“That’s something down the road,” she told CNN’s Chris Cuomo in an exclusive interview from Park Ridge, Illinois, when asked if she would consider him as running mate.
However, Clinton dodged the question of whether or not putting Sanders on the ticket would unite the party.
“I won’t get into that,” she said, “what brings us together is Donald Trump. I think that’s what brings us together.”
She did, however, definitively say that she was the nominee for the Democratic party:
“I will be the nominee for my party, Chris,” she said, adding, “that is already done, in effect. There’s no way that I won’t be.”
She also said that it’s on Bernie Sanders to unite the party behind her.
“He said the other day that he’ll do everything possible to defeat Donald Trump. He said he’d work seven days a week. I take him at his word,” Clinton said.
“I think the threat that Donald Trump poses is so dramatic to our country, to our democracy and our economy that I certainly expect Sen. Sanders to do what he said he would.”
This comes after a week of back and forth between the Sanders campaign and the Democratic party, following the chaotic Nevada State Convention on May 14 where there were reports of violence and death threats towards Nevada Democratic Party chairwoman Roberta Lange.

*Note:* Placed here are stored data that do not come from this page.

lemma bihom_poly_sum_monomials:
  fixes \<iota> :: "'a \<Rightarrow> ('n::finite \<Rightarrow> nat) \<times> ('n \<Rightarrow> nat)"
  assumes "finite I" "\<forall>k\<in>I. sum (fst (\<iota> k)) UNIV = d1 \<and> sum (snd (\<iota> k)) UNIV = d2"
  shows "bihom_poly (\<lambda>(x::complex^'n) y.
           \<Sum>k\<in>I. c k * monomial (fst (\<iota> k)) x * monomial (snd (\<iota> k)) y)"
proof -
  obtain M where M: "finite {e. M e \<noteq> 0}" "{e. M e \<noteq> 0} \<subseteq> \<iota> ` I"
      "\<And>\<phi>. (\<Sum>k\<in>I. c k * \<phi> (\<iota> k)) = (\<Sum>e\<in>{e. M e \<noteq> 0}. M e * \<phi> e)"
    using sum_collect_coefficients[OF assms(1), where \<iota> = \<iota> and c = c] by blast
  have "\<forall>e f. M (e, f) \<noteq> 0 \<longrightarrow> sum e UNIV = d1 \<and> sum f UNIV = d2"
  proof (intro allI impI)
    fix e f assume "M (e, f) \<noteq> 0"
    then obtain k where "k \<in> I" "\<iota> k = (e, f)"
      using M(2) by fastforce
    then show "sum e UNIV = d1 \<and> sum f UNIV = d2"
      using assms(2) by (metis fst_conv snd_conv)
  qed
  moreover have "(\<lambda>(x::complex^'n) y. \<Sum>k\<in>I. c k * monomial (fst (\<iota> k)) x * monomial (snd (\<iota> k)) y)
      = (\<lambda>x y. \<Sum>ef\<in>{ef. M ef \<noteq> 0}. M ef * monomial (fst ef) x * monomial (snd ef) y)"
  proof (intro ext)
    fix x y :: "complex^'n"
    show "(\<Sum>k\<in>I. c k * monomial (fst (\<iota> k)) x * monomial (snd (\<iota> k)) y)
        = (\<Sum>ef\<in>{ef. M ef \<noteq> 0}. M ef * monomial (fst ef) x * monomial (snd ef) y)"
      using M(3)[of "\<lambda>ef. monomial (fst ef) x * monomial (snd ef) y"] by (simp add: mult.assoc)
  qed
  ultimately show ?thesis
    unfolding bihom_poly_def using M(1) by blast
qed

lemma hom_poly_minor: "hom_poly 1 (\<lambda>x::complex^'n::finite. p$i * x$j - p$j * x$i)"
proof -
  have "hom_poly 1 (\<lambda>x::complex^'n. \<Sum>b\<in>UNIV.
      (if b then p$i else - p$j) * monomial (unit_exponent (if b then j else i)) x)"
    by (rule hom_poly_sum_monomials) (auto simp: sum_unit_exponent)
  moreover have "(\<lambda>x::complex^'n. \<Sum>b\<in>UNIV.
      (if b then p$i else - p$j) * monomial (unit_exponent (if b then j else i)) x)
     = (\<lambda>x. p$i * x$j - p$j * x$i)"
    by (simp add: fun_eq_iff UNIV_bool monomial_unit_exponent algebra_simps)
  ultimately show ?thesis by simp
qed

lemma bihom_poly_times_minor:
  assumes "hom_poly d f"
  shows "bihom_poly (\<lambda>(x::complex^'n::finite) y. f x * (x$i * y$j - x$j * y$i))"
proof -
  obtain M where M: "finite {e. M e \<noteq> 0}" "\<forall>e. M e \<noteq> 0 \<longrightarrow> sum e UNIV = d"
      "f = (\<lambda>x. \<Sum>e\<in>{e. M e \<noteq> 0}. M e * monomial e x)"
    using assms unfolding hom_poly_def by blast
  define S where "S = {e. M e \<noteq> 0}"
  define \<iota> where "\<iota> = (\<lambda>(e::'n \<Rightarrow> nat, b::bool).
      if b then (\<lambda>k. e k + unit_exponent i k, unit_exponent j)
      else (\<lambda>k. e k + unit_exponent j k, unit_exponent i))"
  define c where "c = (\<lambda>(e::'n \<Rightarrow> nat, b::bool). if b then M e else - M e)"
  have "bihom_poly (\<lambda>(x::complex^'n) y.
      \<Sum>k\<in>S \<times> UNIV. c k * monomial (fst (\<iota> k)) x * monomial (snd (\<iota> k)) y)"
    by (rule bihom_poly_sum_monomials[of _ _ "d + 1" 1])
      (use M(1,2) in \<open>auto simp: S_def \<iota>_def sum.distrib sum_unit_exponent\<close>)
  moreover have "(\<lambda>(x::complex^'n) y.
      \<Sum>k\<in>S \<times> UNIV. c k * monomial (fst (\<iota> k)) x * monomial (snd (\<iota> k)) y)
     = (\<lambda>x y. f x * (x$i * y$j - x$j * y$i))"
  proof (intro ext)
    fix x y :: "complex^'n"
    have "(\<Sum>k\<in>S \<times> UNIV. c k * monomial (fst (\<iota> k)) x * monomial (snd (\<iota> k)) y)
        = (\<Sum>e\<in>S. \<Sum>b\<in>UNIV. c (e, b) * monomial (fst (\<iota> (e, b))) x * monomial (snd (\<iota> (e, b))) y)"
      by (subst sum.cartesian_product) (simp add: split_def)
    also have "\<dots> = (\<Sum>e\<in>S. M e * monomial e x * (x$i * y$j - x$j * y$i))"
      by (rule sum.cong)
        (auto simp: UNIV_bool c_def \<iota>_def monomial_add monomial_unit_exponent algebra_simps)
    also have "\<dots> = f x * (x$i * y$j - x$j * y$i)"
      unfolding M(3) S_def sum_distrib_right by simp
    finally show "(\<Sum>k\<in>S \<times> UNIV. c k * monomial (fst (\<iota> k)) x * monomial (snd (\<iota> k)) y)
        = f x * (x$i * y$j - x$j * y$i)" .
  qed
  ultimately show ?thesis by simp
qed

lemma proj_eq_refl: "proj_eq (x::complex^'n::finite) x"
  unfolding proj_eq_def by (rule exI[of _ 1]) (simp add: vec_eq_iff)

lemma proj_eq_sym: "proj_eq (x::complex^'n::finite) y \<Longrightarrow> proj_eq y x"
  unfolding proj_eq_def
proof (elim exE conjE)
  fix c :: complex assume c: "c \<noteq> 0" "y = (\<chi> i. c * x $ i)"
  show "\<exists>c. c \<noteq> 0 \<and> x = (\<chi> i. c * y $ i)"
    by (rule exI[of _ "1 / c"]) (use c in \<open>auto simp: vec_eq_iff\<close>)
qed

lemma proj_eq_trans: "proj_eq (x::complex^'n::finite) y \<Longrightarrow> proj_eq y z \<Longrightarrow> proj_eq x z"
  unfolding proj_eq_def
proof (elim exE conjE)
  fix c d :: complex assume c: "c \<noteq> 0" "y = (\<chi> i. c * x $ i)" "d \<noteq> 0" "z = (\<chi> i. d * y $ i)"
  show "\<exists>c. c \<noteq> 0 \<and> z = (\<chi> i. c * x $ i)"
    by (rule exI[of _ "d * c"]) (use c in \<open>auto simp: vec_eq_iff\<close>)
qed

lemma proj_eq_nonzero: "proj_eq (x::complex^'n::finite) y \<Longrightarrow> x \<noteq> 0 \<Longrightarrow> y \<noteq> 0"
  unfolding proj_eq_def by (auto simp: vec_eq_iff)

lemma proj_eq_iff_minors_vanish:
  assumes "(x::complex^'n::finite) \<noteq> 0" "y \<noteq> 0"
  shows "proj_eq x y \<longleftrightarrow> (\<forall>i j. x$i * y$j = x$j * y$i)"
proof
  assume "proj_eq x y"
  then show "\<forall>i j. x$i * y$j = x$j * y$i"
    unfolding proj_eq_def by auto
next
  assume minors: "\<forall>i j. x$i * y$j = x$j * y$i"
  obtain k where k: "x$k \<noteq> 0"
    using assms(1) by (metis vec_eq_iff zero_index)
  define c where "c = y$k / x$k"
  have y: "y$i = c * x$i" for i
    using minors[rule_format, of i k] k unfolding c_def by (simp add: field_simps)
  have "c \<noteq> 0"
  proof
    assume "c = 0"
    then have "y = 0" using y by (simp add: vec_eq_iff)
    then show False using assms(2) by simp
  qed
  with y show "proj_eq x y"
    unfolding proj_eq_def by (auto simp: vec_eq_iff)
qed
section \<open>The Zariski topology on Spec M\<close>

lemma prime_ideal_colon:
  assumes "module sM" and "P \<in> Spec sM"
  shows "prime_ideal (colon sM P)"
proof -
  interpret M: module sM by fact
  have sub: "submodule sM P" and "P \<noteq> UNIV"
    and prime: "\<And>r m. sM r m \<in> P \<Longrightarrow> r \<in> colon sM P \<or> m \<in> P"
    using assms(2) unfolding Spec_def prime_submodule_def by auto
  have "ideal (colon sM P)"
    using sub unfolding ideal_def colon_def submodule_def by (simp add: M.scale_left_distrib flip: M.scale_scale)
  moreover have "1 \<notin> colon sM P" using \<open>P \<noteq> UNIV\<close> unfolding colon_def by auto
  moreover have "a \<in> colon sM P \<or> b \<in> colon sM P" if "a * b \<in> colon sM P" for a b
  proof -
    have "sM a (sM b m) \<in> P" for m using that unfolding colon_def by simp
    then show ?thesis using prime unfolding colon_def by blast
  qed
  ultimately show ?thesis unfolding prime_ideal_def by blast
qed

lemma Xr_eq:
  assumes "module sM"
  shows "Xr sM g = {P \<in> Spec sM. g \<notin> colon sM P}"
proof -
  interpret M: module sM by fact
  have "colon sM (range (sM g)) \<subseteq> colon sM P \<longleftrightarrow> g \<in> colon sM P" for P
  proof
    assume "colon sM (range (sM g)) \<subseteq> colon sM P"
    moreover have "g \<in> colon sM (range (sM g))" unfolding colon_def by simp
    ultimately show "g \<in> colon sM P" by blast
  next
    assume g: "g \<in> colon sM P"
    show "colon sM (range (sM g)) \<subseteq> colon sM P"
    proof
      fix r assume r: "r \<in> colon sM (range (sM g))"
      have "sM r m \<in> P" for m
      proof -
        obtain m' where "sM r m = sM g m'" using r unfolding colon_def by blast
        with g show ?thesis unfolding colon_def by simp
      qed
      then show "r \<in> colon sM P" unfolding colon_def by blast
    qed
  qed
  then show ?thesis unfolding Xr_def V_def by blast
qed

lemma zariski_open_Xr:
  assumes "module sM"
  shows "zariski_open sM (Xr sM g)"
proof -
  interpret M: module sM by fact
  have "0 \<in> range (sM g)" by (rule range_eqI[of _ _ 0]) simp
  moreover have "sM g a + sM g b \<in> range (sM g)" for a b by (simp flip: M.scale_right_distrib)
  moreover have "sM c (sM g a) \<in> range (sM g)" for c a by (metis M.scale_left_commute rangeI)
  ultimately have "submodule sM (range (sM g))" unfolding submodule_def by blast
  then show ?thesis unfolding zariski_open_def Xr_def by blast
qed

lemma zariski_open_basic:
  assumes "module sM" and "zariski_open sM W" and "Q \<in> W"
  obtains g where "g \<notin> colon sM Q" and "Xr sM g \<subseteq> W"
proof -
  obtain L where L: "W = Spec sM - V sM L" using assms(2) unfolding zariski_open_def by blast
  with assms(3) obtain g where "g \<in> colon sM L" "g \<notin> colon sM Q" unfolding V_def by auto
  moreover from this(1) have "Xr sM g \<subseteq> W" unfolding Xr_eq[OF assms(1)] L V_def by blast
  ultimately show ?thesis using that by blast
qed

lemma prime_ideal_is_colon:
  assumes "module sM" "faithful sM" "primeful sM" and "prime_ideal p"
  obtains P where "P \<in> Spec sM" "colon sM P = p"
proof -
  interpret M: module sM by fact
  have "1 \<notin> Ann sM" using \<open>faithful sM\<close> unfolding faithful_def by simp
  then have "(UNIV :: 'b set) \<noteq> {0}" unfolding Ann_def colon_def by auto
  moreover have "Ann sM \<subseteq> p"
    using assms(2,4) unfolding faithful_def prime_ideal_def ideal_def by simp
  ultimately show ?thesis using assms(3,4) that unfolding primeful_def by blast
qed

lemma Supp_Xr:
  assumes "module sM" "faithful sM" "primeful sM"
  shows "Supp sM (Xr sM f) = {p. prime_ideal p \<and> f \<notin> p}"
proof
  show "Supp sM (Xr sM f) \<subseteq> {p. prime_ideal p \<and> f \<notin> p}"
    unfolding Supp_def Xr_eq[OF assms(1)] using prime_ideal_colon[OF assms(1)] by auto
  show "{p. prime_ideal p \<and> f \<notin> p} \<subseteq> Supp sM (Xr sM f)"
    unfolding Supp_def Xr_eq[OF assms(1)] using prime_ideal_is_colon[OF assms] by blast
qed
text \<open>The supremum of the norms over the set is approached by the shrunk vectors but,
  by the previous lemma, never attained: the set is not remotal from the origin.\<close>
lemma not_remotal_hull_of_segments:
  fixes X :: "nat \<Rightarrow> 'a::real_normed_vector"
  assumes X: "basic_sequence C X"
  shows "\<not> remotal (closure (hull_of_segments (shrunk X)))"
proof
  define K where "K = closure (hull_of_segments (shrunk X))"
  assume "remotal K"
  then have "remotal_from 0 K" by (simp add: remotal_def)
  then obtain c0 where c0: "c0 \<in> K" "norm (0 - c0) = farthest_dist 0 K"
    by (auto simp: remotal_from_def)
  have lt1: "norm c < 1" if "c \<in> K" for c
    using hull_of_segments_norm_lt_1[OF X] that by (simp add: K_def)
  obtain n :: nat where n: "0 < n" "inverse (real n) < 1 - norm c0"
    using ex_inverse_of_nat_less[of "1 - norm c0"] lt1[OF c0(1)] by auto
  have "1 / real (n + 2) \<le> inverse (real n)"
    using n(1) by (simp add: inverse_eq_divide frac_le)
  then have "norm c0 < 1 - 1 / real (n + 2)"
    using n(2) by linarith
  also have "1 - 1 / real (n + 2) = norm (0 - shrunk X n)"
    using X by (simp add: basic_sequence_def shrunk_def)
  also have "\<dots> \<le> farthest_dist 0 K"
    unfolding farthest_dist_def
  proof (rule cSUP_upper)
    show "shrunk X n \<in> K"
      unfolding K_def by (rule shrunk_in_hull_of_segments)
    show "bdd_above ((\<lambda>c. norm (0 - c)) ` K)"
      using lt1 by (intro bdd_aboveI[of _ 1]) (auto intro: less_imp_le)
  qed
  finally show False using c0(2) by simp
qed

theorem theorem7:
  assumes "infinite_dimensional TYPE('a::banach)"
  shows "\<exists>K::'a set. K \<noteq> {} \<and> closed K \<and> bounded K \<and> convex K \<and> \<not> remotal K"
proof -
  obtain X :: "nat \<Rightarrow> 'a" where X: "basic_sequence 2 X"
    using mazur_basic_sequence[OF assms] by blast
  define K where "K = closure (hull_of_segments (shrunk X))"
  have "K \<noteq> {}"
    using shrunk_in_hull_of_segments[of "shrunk X" 0] by (auto simp: K_def)
  moreover have "bounded K"
    using hull_of_segments_norm_lt_1[OF X]
    by (auto simp: K_def bounded_iff intro: less_imp_le)
  moreover have "convex K"
    unfolding K_def by (intro convex_closure convex_hull_of_segments)
  moreover have "\<not> remotal K"
    unfolding K_def by (rule not_remotal_hull_of_segments[OF X])
  ultimately show ?thesis
    by (auto simp: K_def)
qed

end
(* Let $p\ne q$ be primes, $G=\mathbb{Z}_p^2\times\mathbb{Z}_q^2$, and $S\subseteq G$ with $\gcd(|S|,p^2q^2)=pq$ and $|S|\ge pq\min\{p,q\}$. Then $S$ is not spectral.
   Context: For $w=(u,v)\in G$ ($u\in\mathbb{Z}_p^2$, $v\in\mathbb{Z}_q^2$) define $\chi_w(a,b)=\exp\big(2\pi i(\tfrac{u\cdot a}{p}+\tfrac{v\cdot b}{q})\big)$ and $\chi(S)=\sum_{s\in S}\chi(s)$. $S$ is spectral if there is $\Lambda\subseteq G$ with $|\Lambda|=|S|$ and $\chi_{\lambda-\lambda'}(S)=0$ for all distinct $\lambda,\lambda'\in\Lambda$. *)

theory Defs
  imports "HOL-Analysis.Analysis" "HOL-Computational_Algebra.Primes"
begin

text \<open>Elements of G = Z_p^2 x Z_q^2 are represented as ((a1,a2),(b1,b2)) with
  0 <= a_i < p and 0 <= b_i < q.\<close>

type_synonym elt = "(int \<times> int) \<times> (int \<times> int)"

definition Gset :: "nat \<Rightarrow> nat \<Rightarrow> elt set" where
  "Gset p q = {((a1,a2),(b1,b2)). 0 \<le> a1 \<and> a1 < int p \<and> 0 \<le> a2 \<and> a2 < int p
                \<and> 0 \<le> b1 \<and> b1 < int q \<and> 0 \<le> b2 \<and> b2 < int q}"

definition gsub :: "nat \<Rightarrow> nat \<Rightarrow> elt \<Rightarrow> elt \<Rightarrow> elt" where
  "gsub p q x y = (case x of ((a1,a2),(b1,b2)) \<Rightarrow> case y of ((c1,c2),(d1,d2)) \<Rightarrow>
      (((a1 - c1) mod int p, (a2 - c2) mod int p), ((b1 - d1) mod int q, (b2 - d2) mod int q)))"

definition chi :: "nat \<Rightarrow> nat \<Rightarrow> elt \<Rightarrow> elt \<Rightarrow> complex" where
  "chi p q w s = (case w of ((u1,u2),(v1,v2)) \<Rightarrow> case s of ((a1,a2),(b1,b2)) \<Rightarrow>
      exp (2 * pi * \<i> * complex_of_real
        (real_of_int (u1*a1 + u2*a2) / real p + real_of_int (v1*b1 + v2*b2) / real q)))"

definition chiS :: "nat \<Rightarrow> nat \<Rightarrow> elt \<Rightarrow> elt set \<Rightarrow> complex" where
  "chiS p q w S = (\<Sum>s\<in>S. chi p q w s)"

definition spectral :: "nat \<Rightarrow> nat \<Rightarrow> elt set \<Rightarrow> bool" where
  "spectral p q S \<longleftrightarrow> (\<exists>\<Lambda>. \<Lambda> \<subseteq> Gset p q \<and> card \<Lambda> = card S \<and>
      (\<forall>l\<in>\<Lambda>. \<forall>l'\<in>\<Lambda>. l \<noteq> l' \<longrightarrow> chiS p q (gsub p q l l') S = 0))"

end

theory Submission
  imports Defs "HOL-Computational_Algebra.Polynomial"
begin
lemma det_on_column_linear:
  assumes "finite A" "c \<in> A"
  shows "det_on A (\<lambda>b d. if d = c then \<alpha> * u b + \<beta> * u' b else M b d)
    = \<alpha> * det_on A (\<lambda>b d. if d = c then u b else M b d)
      + \<beta> * det_on A (\<lambda>b d. if d = c then u' b else M b d)"
proof -
  have column: "(\<Prod>b\<in>A. if p b = c then x b else M b (p b))
      = x (inv p c) * (\<Prod>b\<in>A - {inv p c}. M b (p b))" if p: "p permutes A" for p x
  proof -
    have "inv p c \<in> A" "p (inv p c) = c"
      using p assms by (simp_all add: permutes_inv permutes_in_image permutes_inverses)
    moreover have "(\<Prod>b\<in>A - {inv p c}. if p b = c then x b else M b (p b))
        = (\<Prod>b\<in>A - {inv p c}. M b (p b))"
      using p by (intro prod.cong refl) (metis DiffD2 permutes_inverses(2) singletonI)
    ultimately show ?thesis
      using assms(1) by (simp add: prod.remove)
  qed
  have "of_int (sign p) * (\<Prod>b\<in>A. if p b = c then \<alpha> * u b + \<beta> * u' b else M b (p b))
      = \<alpha> * (of_int (sign p) * (\<Prod>b\<in>A. if p b = c then u b else M b (p b)))
        + \<beta> * (of_int (sign p) * (\<Prod>b\<in>A. if p b = c then u' b else M b (p b)))"
    if "p permutes A" for p
    by (simp only: column[OF that]) (simp add: algebra_simps)
  then show ?thesis
    unfolding det_on_def by (simp add: sum.distrib sum_distrib_left)
qed

lemma sum_over_permutations_insert_right:
  assumes "finite S" "a \<notin> S"
  shows "sum f {p. p permutes insert a S}
    = (\<Sum>b\<in>insert a S. \<Sum>q | q permutes S. f (q \<circ> Transposition.transpose a b))"
proof -
  have "sum f {p. p permutes insert a S} = (\<Sum>p | p permutes insert a S. f (inv p))"
    by (rule sum_permutations_inverse)
  also have "\<dots> = (\<Sum>b\<in>insert a S. \<Sum>q | q permutes S. f (inv q \<circ> Transposition.transpose a b))"
    using sum_over_permutations_insert[OF assms, of "\<lambda>p. f (inv p)"]
    by (simp add: o_inv_distrib permutes_bij)
  also have "\<dots> = (\<Sum>b\<in>insert a S. \<Sum>q | q permutes S. f (q \<circ> Transposition.transpose a b))"
    by (subst (2) sum_permutations_inverse) (simp add: permutes_inv_inv cong: sum.cong)
  finally show ?thesis .
qed

text \<open>Laplace expansion along the column \<open>a\<close>; the cofactor of \<open>M c a\<close> appears as the
  determinant in which row \<open>c\<close> is replaced by row \<open>a\<close>.\<close>

lemma det_on_insert_expand:
  assumes "finite A" "a \<notin> A"
  shows "det_on (insert a A) M = M a a * det_on A M - (\<Sum>c\<in>A. M c a * det_on A (M(c := M a)))"
proof -
  let ?t = "Transposition.transpose a"
  let ?term = "\<lambda>P. of_int (sign P) * (\<Prod>b\<in>insert a A. M b (P b))"
  have fix_a: "q a = a" if "q permutes A" for q
    using that assms(2) by (simp add: permutes_not_in)
  have first: "?term q = M a a * (of_int (sign q) * (\<Prod>b\<in>A. M b (q b)))"
    if "q permutes A" for q
    using assms fix_a[OF that] by (simp add: algebra_simps)
  have other: "?term (q \<circ> ?t c) = - (M c a * (of_int (sign q) * (\<Prod>b\<in>A. (M(c := M a)) b (q b))))"
    if q: "q permutes A" and c: "c \<in> A" for q c
  proof -
    have "sign (q \<circ> ?t c) = - sign q"
      using q c assms
      by (subst sign_compose) (auto simp: permutes_imp_permutation permutation_swap_id sign_swap_id)
    moreover have "(\<Prod>b\<in>A. M b (q (?t c b))) = M c a * (\<Prod>b\<in>A - {c}. M b (q b))"
    proof -
      have "(\<Prod>b\<in>A - {c}. M b (q (?t c b))) = (\<Prod>b\<in>A - {c}. M b (q b))"
        using assms(2) by (intro prod.cong refl) (auto simp: Transposition.transpose_def)
      then show ?thesis
        using prod.remove[OF assms(1) c, of "\<lambda>b. M b (q (?t c b))"] fix_a[OF q] by simp
    qed
    moreover have "(\<Prod>b\<in>A. (M(c := M a)) b (q b)) = M a (q c) * (\<Prod>b\<in>A - {c}. M b (q b))"
      using prod.remove[OF assms(1) c, of "\<lambda>b. (M(c := M a)) b (q b)"] by simp
    moreover have "(\<Prod>b\<in>insert a A. M b ((q \<circ> ?t c) b)) = M a (q c) * (\<Prod>b\<in>A. M b (q (?t c b)))"
      using assms by simp
    ultimately show ?thesis
      by (simp only:) (simp add: algebra_simps)
  qed
  have "det_on (insert a A) M = (\<Sum>c\<in>insert a A. \<Sum>q | q permutes A. ?term (q \<circ> ?t c))"
    unfolding det_on_def by (rule sum_over_permutations_insert_right[OF assms])
  also have "\<dots> = (\<Sum>q | q permutes A. ?term (q \<circ> ?t a))
      + (\<Sum>c\<in>A. \<Sum>q | q permutes A. ?term (q \<circ> ?t c))"
    using assms by simp
  also have "(\<Sum>q | q permutes A. ?term (q \<circ> ?t a)) = M a a * det_on A M"
    unfolding det_on_def sum_distrib_left by (rule sum.cong) (simp_all add: first)
  also have "(\<Sum>c\<in>A. \<Sum>q | q permutes A. ?term (q \<circ> ?t c))
      = - (\<Sum>c\<in>A. M c a * det_on A (M(c := M a)))"
    unfolding det_on_def sum_distrib_left sum_negf[symmetric]
    by (intro sum.cong refl other) simp_all
  finally show ?thesis by simp
qed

With the recent events, members of the Democratic party worry that the chaos will repeat itself at other state conventions and at the national convention in Philadelphia this summer.
Choosing Sanders as a running mate would taking a step to ensure a peaceful convention, and also keep in line with most Democrats according to a recent poll.
A Rasmussen Reports survey released May 17 said that most Democrats would like to see Sanders as the vice president, with 36 percent of the vote among possible VPs.
Sen. Elizabeth Warren (D-Mass.) came in second at 19 percent, followed by Housing and Urban Development Secretary Julián Castro at 10 percent.
Eight percent said Sen. Corey Booker (D-N.J.), while 2 percent chose former Maryland Gov. Martin O’Malley. Twelve percent of Democrats prefer an unlisted candidate, while 13 percent are undecided.